[Data entries]
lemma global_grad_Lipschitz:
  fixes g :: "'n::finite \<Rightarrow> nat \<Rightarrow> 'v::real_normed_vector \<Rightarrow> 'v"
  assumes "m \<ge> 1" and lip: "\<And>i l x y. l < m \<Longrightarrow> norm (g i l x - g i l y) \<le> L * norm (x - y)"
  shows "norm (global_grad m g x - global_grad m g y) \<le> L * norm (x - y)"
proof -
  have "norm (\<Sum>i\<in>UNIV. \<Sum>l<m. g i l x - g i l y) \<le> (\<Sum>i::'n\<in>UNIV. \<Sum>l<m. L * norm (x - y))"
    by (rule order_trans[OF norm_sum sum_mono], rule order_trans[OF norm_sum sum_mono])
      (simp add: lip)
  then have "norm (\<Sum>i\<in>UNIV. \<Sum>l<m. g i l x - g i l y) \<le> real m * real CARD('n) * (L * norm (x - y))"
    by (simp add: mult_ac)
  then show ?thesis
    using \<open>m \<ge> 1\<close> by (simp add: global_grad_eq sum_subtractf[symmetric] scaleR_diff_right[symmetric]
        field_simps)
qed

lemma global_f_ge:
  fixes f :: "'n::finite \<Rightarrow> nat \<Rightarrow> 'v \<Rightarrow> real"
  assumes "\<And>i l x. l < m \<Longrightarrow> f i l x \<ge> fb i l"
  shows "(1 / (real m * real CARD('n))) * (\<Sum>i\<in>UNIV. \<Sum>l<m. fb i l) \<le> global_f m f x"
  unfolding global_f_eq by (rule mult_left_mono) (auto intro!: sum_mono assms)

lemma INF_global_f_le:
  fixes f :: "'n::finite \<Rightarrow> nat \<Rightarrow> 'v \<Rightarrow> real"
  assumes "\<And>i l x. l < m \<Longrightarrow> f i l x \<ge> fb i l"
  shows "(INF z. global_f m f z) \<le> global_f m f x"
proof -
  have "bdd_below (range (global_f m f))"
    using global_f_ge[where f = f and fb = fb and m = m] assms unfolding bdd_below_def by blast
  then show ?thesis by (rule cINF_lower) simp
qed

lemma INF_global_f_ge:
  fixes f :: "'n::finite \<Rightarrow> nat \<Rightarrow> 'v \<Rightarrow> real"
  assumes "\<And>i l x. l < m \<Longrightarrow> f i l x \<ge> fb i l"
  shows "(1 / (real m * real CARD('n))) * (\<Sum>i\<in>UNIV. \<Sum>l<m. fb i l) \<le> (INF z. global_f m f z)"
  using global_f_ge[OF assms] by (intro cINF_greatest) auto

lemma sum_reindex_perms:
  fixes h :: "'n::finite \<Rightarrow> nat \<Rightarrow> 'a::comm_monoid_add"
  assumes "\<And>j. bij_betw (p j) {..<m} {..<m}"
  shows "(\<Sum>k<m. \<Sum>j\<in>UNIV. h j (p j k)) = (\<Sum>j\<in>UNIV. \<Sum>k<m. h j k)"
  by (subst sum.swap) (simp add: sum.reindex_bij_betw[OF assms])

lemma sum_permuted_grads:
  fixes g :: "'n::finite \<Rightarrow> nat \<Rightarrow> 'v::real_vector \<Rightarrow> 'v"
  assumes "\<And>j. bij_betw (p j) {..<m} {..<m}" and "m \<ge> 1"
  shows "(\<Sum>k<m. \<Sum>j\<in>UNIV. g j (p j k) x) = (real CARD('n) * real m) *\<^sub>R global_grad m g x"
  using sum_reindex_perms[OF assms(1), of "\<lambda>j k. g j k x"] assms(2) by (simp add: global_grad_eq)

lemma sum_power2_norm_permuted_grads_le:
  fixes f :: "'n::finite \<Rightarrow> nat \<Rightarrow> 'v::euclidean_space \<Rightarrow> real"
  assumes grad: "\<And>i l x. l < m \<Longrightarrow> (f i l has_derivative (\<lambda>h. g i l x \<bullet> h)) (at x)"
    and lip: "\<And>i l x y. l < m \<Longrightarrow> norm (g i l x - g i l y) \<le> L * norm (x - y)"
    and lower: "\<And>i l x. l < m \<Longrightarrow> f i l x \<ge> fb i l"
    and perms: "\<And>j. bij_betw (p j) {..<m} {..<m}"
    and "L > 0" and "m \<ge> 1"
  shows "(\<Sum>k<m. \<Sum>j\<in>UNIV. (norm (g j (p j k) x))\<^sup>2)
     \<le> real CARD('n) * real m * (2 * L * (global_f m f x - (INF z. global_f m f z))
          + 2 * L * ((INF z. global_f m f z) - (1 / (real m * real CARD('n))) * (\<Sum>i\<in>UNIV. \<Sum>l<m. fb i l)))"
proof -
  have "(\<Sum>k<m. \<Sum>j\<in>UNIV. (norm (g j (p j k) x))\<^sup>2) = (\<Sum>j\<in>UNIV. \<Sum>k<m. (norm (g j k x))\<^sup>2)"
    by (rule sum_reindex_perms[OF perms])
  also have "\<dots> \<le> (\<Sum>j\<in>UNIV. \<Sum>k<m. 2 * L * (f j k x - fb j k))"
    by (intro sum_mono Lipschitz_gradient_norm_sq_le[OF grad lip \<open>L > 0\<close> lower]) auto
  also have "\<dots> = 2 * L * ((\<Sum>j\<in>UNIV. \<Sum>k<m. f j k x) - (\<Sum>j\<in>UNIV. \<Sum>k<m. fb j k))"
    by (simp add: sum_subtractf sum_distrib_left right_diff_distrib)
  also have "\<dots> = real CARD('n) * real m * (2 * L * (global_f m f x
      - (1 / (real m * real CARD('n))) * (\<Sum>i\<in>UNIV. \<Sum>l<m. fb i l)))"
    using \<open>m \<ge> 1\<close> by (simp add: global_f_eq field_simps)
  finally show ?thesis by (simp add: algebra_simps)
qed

--

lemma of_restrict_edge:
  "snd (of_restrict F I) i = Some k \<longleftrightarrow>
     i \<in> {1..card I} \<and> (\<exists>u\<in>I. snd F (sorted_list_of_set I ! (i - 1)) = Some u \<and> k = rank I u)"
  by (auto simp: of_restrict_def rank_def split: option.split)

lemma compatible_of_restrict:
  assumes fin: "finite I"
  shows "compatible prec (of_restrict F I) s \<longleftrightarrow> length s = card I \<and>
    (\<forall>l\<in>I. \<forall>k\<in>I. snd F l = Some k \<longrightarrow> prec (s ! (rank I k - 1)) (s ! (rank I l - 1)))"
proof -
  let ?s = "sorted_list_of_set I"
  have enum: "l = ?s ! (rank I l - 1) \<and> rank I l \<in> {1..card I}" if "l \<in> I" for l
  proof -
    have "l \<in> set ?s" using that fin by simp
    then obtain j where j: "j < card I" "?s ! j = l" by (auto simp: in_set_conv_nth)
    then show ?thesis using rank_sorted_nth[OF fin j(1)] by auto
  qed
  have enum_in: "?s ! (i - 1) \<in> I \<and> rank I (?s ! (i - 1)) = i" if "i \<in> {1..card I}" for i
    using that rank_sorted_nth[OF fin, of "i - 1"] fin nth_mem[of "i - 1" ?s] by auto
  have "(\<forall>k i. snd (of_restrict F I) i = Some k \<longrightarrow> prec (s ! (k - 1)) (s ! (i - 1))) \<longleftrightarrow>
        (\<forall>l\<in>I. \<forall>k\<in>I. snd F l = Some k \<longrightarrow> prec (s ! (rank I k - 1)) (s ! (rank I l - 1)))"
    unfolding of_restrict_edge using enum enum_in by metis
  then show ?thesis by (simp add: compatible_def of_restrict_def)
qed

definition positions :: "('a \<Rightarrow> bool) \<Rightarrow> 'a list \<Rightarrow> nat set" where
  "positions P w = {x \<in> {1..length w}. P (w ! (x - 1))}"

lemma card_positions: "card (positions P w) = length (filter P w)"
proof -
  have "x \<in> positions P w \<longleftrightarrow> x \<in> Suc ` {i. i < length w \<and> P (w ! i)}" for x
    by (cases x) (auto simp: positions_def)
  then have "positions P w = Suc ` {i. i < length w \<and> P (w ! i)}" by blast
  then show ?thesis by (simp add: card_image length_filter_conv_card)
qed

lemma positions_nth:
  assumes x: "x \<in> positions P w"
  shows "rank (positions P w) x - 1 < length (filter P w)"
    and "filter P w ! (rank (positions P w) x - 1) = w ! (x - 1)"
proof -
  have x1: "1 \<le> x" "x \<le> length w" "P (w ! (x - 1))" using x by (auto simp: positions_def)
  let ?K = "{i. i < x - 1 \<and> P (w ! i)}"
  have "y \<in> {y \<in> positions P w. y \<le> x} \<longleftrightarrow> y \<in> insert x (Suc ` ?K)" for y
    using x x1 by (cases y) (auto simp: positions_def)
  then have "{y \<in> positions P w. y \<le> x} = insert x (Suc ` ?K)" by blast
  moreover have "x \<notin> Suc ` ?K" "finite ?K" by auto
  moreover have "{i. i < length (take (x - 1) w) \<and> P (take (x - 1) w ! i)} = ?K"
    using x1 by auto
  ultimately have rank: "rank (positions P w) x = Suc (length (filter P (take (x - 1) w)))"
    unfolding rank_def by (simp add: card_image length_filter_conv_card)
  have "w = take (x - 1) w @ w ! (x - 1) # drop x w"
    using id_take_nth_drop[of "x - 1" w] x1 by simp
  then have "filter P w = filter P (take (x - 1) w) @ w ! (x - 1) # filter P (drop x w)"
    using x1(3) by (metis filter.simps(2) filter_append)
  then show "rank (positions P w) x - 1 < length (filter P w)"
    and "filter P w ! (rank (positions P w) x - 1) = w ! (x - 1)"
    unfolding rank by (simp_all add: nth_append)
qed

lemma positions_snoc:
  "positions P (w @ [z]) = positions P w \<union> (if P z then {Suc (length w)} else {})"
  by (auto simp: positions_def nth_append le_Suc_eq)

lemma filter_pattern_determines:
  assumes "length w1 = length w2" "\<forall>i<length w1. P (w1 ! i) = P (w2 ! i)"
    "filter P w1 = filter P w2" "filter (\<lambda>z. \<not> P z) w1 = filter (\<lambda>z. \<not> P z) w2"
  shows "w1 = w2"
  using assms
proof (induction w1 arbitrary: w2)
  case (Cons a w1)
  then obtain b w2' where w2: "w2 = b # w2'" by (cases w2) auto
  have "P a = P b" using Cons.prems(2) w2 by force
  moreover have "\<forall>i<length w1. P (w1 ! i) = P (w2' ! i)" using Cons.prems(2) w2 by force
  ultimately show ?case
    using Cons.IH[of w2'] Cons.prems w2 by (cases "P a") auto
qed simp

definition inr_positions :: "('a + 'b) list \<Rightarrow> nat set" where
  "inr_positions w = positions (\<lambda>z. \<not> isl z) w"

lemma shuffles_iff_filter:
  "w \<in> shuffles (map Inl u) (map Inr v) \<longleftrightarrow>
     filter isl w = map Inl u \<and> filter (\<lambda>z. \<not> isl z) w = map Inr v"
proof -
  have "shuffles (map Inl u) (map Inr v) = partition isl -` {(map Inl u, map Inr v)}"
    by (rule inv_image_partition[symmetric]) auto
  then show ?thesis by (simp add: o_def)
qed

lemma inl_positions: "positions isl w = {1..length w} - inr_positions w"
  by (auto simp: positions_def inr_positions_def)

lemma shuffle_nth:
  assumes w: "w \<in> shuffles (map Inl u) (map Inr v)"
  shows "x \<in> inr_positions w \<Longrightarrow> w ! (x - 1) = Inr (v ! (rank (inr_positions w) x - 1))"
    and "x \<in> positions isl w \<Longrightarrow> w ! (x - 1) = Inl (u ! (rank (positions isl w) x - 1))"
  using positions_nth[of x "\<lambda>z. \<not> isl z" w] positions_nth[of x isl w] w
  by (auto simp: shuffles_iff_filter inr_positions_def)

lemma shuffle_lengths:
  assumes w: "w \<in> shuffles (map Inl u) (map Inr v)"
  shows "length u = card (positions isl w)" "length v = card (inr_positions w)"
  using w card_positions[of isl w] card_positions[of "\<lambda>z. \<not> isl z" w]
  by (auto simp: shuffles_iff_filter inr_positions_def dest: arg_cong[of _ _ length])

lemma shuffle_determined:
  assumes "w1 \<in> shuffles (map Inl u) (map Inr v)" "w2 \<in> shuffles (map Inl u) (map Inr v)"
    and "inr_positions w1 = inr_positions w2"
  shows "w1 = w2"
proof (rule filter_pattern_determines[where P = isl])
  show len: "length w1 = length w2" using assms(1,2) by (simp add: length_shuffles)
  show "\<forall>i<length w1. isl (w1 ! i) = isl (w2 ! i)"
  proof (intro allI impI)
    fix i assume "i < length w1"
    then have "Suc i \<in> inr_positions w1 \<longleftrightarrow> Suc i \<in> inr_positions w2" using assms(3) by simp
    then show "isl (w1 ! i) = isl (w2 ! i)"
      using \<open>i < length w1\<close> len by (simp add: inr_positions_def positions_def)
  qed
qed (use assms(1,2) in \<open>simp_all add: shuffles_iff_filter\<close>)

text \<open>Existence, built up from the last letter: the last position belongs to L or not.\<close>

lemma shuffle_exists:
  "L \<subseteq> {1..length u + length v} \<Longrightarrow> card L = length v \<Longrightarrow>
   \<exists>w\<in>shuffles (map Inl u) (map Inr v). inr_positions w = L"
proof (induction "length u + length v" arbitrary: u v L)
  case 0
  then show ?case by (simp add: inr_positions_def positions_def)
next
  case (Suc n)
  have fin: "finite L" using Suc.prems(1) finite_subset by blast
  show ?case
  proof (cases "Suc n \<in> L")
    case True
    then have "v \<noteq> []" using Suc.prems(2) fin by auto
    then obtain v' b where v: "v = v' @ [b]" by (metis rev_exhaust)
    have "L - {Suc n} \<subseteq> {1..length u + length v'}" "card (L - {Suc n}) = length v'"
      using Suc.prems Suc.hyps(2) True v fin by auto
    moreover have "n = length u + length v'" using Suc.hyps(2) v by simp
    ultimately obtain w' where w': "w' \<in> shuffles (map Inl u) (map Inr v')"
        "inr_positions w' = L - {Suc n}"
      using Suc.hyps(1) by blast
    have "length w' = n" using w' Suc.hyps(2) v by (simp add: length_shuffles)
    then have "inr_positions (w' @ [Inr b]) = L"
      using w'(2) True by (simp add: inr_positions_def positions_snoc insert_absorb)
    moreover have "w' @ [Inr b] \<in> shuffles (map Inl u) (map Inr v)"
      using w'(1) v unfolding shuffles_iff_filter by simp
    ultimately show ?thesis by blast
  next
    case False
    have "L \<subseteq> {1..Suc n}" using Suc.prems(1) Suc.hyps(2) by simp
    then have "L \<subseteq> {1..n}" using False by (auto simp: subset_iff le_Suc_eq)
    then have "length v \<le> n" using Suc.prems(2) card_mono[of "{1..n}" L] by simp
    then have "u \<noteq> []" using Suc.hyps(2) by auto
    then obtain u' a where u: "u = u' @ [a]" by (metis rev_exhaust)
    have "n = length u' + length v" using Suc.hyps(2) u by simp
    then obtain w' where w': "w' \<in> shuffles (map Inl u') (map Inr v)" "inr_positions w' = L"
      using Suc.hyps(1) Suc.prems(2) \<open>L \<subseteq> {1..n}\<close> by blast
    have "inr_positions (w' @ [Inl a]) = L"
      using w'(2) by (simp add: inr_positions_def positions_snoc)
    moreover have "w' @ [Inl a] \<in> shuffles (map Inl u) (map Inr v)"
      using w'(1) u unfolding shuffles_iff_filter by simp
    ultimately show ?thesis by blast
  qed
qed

...

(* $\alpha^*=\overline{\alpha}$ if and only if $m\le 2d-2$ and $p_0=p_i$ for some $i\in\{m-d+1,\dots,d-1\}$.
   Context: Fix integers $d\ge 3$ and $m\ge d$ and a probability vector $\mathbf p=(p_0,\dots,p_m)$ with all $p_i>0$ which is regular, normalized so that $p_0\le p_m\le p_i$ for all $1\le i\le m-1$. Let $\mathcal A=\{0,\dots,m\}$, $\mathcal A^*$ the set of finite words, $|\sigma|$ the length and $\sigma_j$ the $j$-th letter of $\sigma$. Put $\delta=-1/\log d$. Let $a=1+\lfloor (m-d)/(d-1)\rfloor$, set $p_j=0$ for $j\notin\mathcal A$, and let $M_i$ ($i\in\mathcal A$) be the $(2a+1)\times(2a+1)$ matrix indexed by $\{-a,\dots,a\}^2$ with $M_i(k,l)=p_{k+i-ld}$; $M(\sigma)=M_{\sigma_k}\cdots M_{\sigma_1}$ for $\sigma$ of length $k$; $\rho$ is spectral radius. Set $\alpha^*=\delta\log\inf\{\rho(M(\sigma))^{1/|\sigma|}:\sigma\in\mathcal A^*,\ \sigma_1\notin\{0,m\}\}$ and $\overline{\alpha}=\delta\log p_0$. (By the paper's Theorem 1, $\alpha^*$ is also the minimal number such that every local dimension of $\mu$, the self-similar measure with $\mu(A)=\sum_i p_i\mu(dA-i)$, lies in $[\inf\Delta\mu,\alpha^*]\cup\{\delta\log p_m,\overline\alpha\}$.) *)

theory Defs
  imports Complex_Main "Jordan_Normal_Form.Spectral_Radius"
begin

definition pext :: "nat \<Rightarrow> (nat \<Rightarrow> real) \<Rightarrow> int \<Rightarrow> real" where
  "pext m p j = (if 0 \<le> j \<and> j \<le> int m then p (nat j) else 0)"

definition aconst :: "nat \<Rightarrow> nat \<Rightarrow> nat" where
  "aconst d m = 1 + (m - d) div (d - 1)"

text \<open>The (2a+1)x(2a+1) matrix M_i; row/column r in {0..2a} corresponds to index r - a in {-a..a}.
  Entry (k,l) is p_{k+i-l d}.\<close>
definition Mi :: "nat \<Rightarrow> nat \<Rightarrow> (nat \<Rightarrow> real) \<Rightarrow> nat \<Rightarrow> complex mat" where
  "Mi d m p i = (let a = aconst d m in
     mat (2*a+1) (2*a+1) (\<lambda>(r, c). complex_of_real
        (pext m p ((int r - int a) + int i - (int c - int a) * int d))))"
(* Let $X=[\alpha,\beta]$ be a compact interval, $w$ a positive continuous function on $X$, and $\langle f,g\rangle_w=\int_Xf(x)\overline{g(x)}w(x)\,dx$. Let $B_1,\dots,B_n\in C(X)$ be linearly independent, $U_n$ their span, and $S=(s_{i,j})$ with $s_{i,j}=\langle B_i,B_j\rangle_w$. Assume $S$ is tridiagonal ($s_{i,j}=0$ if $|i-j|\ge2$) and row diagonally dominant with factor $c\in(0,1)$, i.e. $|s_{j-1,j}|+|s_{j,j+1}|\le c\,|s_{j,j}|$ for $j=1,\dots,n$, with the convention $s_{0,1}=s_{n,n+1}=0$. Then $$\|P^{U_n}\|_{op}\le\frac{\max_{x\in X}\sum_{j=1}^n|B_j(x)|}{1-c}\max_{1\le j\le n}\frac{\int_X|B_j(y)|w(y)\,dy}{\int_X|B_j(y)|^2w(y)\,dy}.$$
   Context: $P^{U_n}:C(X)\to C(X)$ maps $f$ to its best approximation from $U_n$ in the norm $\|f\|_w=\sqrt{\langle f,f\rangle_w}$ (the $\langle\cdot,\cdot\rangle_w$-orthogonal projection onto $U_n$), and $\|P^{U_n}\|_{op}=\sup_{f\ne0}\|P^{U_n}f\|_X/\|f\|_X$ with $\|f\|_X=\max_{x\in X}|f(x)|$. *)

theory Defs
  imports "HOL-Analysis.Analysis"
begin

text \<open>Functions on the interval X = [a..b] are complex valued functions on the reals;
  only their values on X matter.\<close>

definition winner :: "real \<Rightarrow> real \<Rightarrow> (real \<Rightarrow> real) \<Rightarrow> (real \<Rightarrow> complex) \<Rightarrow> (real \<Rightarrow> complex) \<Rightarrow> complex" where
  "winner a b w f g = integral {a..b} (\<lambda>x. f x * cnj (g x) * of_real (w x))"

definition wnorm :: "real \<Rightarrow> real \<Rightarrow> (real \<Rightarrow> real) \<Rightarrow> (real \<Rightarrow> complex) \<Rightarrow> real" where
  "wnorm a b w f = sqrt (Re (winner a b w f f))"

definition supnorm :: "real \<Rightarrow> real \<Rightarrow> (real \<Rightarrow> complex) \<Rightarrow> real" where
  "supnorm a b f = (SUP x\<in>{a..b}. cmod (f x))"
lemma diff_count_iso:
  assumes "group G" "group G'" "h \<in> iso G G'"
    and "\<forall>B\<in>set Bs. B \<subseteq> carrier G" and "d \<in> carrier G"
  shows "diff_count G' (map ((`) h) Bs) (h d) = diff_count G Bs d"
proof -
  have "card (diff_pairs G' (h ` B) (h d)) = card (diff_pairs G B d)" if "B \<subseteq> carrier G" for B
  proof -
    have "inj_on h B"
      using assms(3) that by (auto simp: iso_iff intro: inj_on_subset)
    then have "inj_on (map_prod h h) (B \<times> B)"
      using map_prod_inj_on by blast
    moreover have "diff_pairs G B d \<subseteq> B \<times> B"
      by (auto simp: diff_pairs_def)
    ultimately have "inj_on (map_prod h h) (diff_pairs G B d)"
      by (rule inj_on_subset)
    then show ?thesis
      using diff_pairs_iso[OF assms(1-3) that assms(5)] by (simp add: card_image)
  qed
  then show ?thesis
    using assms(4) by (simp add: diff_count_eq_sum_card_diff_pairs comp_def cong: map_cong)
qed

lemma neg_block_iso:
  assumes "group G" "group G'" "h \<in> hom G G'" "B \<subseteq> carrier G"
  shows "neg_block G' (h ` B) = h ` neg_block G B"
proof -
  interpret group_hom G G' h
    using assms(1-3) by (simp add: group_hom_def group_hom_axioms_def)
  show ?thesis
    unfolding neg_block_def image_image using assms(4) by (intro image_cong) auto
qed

Required work: Give only the lines from the one holding "using w card_positions[of" through the one holding "(map Inr v).", each restated exactly as it appears above.

Written response:
  using w card_positions[of isl w] card_positions[of "\<lambda>z. \<not> isl z" w]
  by (auto simp: shuffles_iff_filter inr_positions_def dest: arg_cong[of _ _ length])

lemma shuffle_determined:
  assumes "w1 \<in> shuffles (map Inl u) (map Inr v)" "w2 \<in> shuffles (map Inl u) (map Inr v)"
    and "inr_positions w1 = inr_positions w2"
  shows "w1 = w2"
proof (rule filter_pattern_determines[where P = isl])
  show len: "length w1 = length w2" using assms(1,2) by (simp add: length_shuffles)
  show "\<forall>i<length w1. isl (w1 ! i) = isl (w2 ! i)"
  proof (intro allI impI)
    fix i assume "i < length w1"
    then have "Suc i \<in> inr_positions w1 \<longleftrightarrow> Suc i \<in> inr_positions w2" using assms(3) by simp
    then show "isl (w1 ! i) = isl (w2 ! i)"
      using \<open>i < length w1\<close> len by (simp add: inr_positions_def positions_def)
  qed
qed (use assms(1,2) in \<open>simp_all add: shuffles_iff_filter\<close>)

text \<open>Existence, built up from the last letter: the last position belongs to L or not.\<close>

lemma shuffle_exists:
  "L \<subseteq> {1..length u + length v} \<Longrightarrow> card L = length v \<Longrightarrow>
   \<exists>w\<in>shuffles (map Inl u) (map Inr v). inr_positions w = L"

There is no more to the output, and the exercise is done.